(Task brief) Your task is to show every line in the listing below that includes "longleftrightarrow".

*** Begin section ***

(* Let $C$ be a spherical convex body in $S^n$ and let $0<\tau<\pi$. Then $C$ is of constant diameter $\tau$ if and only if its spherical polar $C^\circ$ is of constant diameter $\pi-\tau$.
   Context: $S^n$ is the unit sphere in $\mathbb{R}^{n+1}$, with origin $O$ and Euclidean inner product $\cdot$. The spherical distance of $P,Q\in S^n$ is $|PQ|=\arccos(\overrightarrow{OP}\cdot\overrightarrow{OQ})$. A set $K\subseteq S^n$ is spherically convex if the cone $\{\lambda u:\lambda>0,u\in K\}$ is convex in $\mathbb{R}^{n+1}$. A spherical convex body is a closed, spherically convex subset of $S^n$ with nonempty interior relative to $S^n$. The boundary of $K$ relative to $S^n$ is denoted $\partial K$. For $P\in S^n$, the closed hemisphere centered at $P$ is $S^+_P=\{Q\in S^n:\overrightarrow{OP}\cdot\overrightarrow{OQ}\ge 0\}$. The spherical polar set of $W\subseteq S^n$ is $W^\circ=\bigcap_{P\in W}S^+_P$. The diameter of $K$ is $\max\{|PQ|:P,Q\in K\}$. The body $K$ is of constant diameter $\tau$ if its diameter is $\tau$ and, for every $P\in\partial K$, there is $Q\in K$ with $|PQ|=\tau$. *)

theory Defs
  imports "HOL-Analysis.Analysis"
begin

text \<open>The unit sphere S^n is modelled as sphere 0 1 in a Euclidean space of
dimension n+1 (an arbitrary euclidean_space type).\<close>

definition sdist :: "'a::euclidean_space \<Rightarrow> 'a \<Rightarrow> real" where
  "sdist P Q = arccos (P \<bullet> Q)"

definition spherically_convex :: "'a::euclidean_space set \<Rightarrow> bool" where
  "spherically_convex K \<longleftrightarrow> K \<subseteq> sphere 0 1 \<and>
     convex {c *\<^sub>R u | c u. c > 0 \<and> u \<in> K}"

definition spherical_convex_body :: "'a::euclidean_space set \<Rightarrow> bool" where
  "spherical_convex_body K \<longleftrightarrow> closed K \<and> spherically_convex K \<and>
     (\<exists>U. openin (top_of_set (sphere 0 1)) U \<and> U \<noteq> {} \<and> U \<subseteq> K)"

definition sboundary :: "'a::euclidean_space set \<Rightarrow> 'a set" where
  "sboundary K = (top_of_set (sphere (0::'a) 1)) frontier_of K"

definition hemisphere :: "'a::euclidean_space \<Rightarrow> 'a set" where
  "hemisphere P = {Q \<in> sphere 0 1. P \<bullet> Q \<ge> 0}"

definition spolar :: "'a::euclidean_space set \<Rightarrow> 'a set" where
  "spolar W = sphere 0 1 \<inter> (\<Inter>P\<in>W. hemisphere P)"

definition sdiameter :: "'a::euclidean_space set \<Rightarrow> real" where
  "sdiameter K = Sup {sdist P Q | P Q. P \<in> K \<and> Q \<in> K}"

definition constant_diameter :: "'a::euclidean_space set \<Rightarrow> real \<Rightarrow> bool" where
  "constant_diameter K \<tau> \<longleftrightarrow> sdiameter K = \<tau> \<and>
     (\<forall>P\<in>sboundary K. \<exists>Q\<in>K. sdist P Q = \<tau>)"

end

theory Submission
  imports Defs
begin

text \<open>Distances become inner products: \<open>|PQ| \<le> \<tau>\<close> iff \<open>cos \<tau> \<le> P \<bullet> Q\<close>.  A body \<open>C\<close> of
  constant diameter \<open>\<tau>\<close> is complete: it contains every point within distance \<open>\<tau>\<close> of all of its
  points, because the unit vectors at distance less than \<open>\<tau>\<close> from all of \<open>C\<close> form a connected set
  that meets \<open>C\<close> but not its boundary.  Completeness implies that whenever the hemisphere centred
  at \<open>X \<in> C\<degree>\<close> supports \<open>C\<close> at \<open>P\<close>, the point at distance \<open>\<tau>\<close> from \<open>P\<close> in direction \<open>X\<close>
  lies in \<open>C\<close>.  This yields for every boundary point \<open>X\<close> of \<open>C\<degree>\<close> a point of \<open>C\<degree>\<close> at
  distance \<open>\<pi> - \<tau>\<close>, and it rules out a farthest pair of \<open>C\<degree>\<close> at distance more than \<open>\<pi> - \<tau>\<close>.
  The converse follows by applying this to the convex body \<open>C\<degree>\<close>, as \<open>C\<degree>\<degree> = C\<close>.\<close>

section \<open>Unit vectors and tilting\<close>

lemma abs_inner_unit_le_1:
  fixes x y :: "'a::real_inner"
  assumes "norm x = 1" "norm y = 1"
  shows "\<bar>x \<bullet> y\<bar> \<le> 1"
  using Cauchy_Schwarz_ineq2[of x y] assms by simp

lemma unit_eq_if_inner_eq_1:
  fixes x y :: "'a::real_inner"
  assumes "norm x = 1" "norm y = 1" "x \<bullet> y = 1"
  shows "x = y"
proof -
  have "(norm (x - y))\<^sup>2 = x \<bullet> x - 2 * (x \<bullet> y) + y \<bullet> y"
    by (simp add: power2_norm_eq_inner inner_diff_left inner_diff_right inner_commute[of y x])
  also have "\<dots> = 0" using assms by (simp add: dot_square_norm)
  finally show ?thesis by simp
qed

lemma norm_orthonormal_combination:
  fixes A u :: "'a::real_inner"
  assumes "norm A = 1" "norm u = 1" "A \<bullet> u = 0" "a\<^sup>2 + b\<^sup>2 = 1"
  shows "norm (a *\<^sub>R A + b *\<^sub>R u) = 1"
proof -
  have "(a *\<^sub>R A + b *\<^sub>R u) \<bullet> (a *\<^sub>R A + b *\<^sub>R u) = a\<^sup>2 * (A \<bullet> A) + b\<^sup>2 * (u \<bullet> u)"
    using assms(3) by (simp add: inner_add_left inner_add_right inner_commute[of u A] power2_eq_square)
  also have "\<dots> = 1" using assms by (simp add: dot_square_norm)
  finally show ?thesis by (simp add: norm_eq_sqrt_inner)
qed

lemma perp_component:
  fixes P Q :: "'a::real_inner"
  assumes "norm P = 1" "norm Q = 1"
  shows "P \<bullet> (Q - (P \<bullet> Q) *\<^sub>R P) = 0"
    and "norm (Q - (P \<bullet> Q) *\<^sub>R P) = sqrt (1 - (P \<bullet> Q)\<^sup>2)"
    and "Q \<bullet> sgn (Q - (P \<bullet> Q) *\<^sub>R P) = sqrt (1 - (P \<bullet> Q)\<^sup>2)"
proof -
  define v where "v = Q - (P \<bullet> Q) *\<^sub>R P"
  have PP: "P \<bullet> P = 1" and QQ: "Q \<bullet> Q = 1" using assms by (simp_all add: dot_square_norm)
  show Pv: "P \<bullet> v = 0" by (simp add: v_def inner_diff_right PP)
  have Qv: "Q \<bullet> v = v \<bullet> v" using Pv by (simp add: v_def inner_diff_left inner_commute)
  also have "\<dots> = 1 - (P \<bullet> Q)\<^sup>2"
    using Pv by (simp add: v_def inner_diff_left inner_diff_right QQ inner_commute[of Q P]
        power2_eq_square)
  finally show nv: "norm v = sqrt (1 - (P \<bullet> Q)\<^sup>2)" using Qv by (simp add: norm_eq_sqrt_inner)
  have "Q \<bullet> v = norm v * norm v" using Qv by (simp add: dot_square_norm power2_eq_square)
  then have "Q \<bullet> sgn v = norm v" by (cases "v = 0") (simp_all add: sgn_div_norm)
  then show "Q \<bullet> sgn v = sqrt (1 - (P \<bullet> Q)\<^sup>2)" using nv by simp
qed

*** End section ***

(Finished exercise)
  "spherically_convex K \<longleftrightarrow> K \<subseteq> sphere 0 1 \<and>
  "spherical_convex_body K \<longleftrightarrow> closed K \<and> spherically_convex K \<and>
  "constant_diameter K \<tau> \<longleftrightarrow> sdiameter K = \<tau> \<and>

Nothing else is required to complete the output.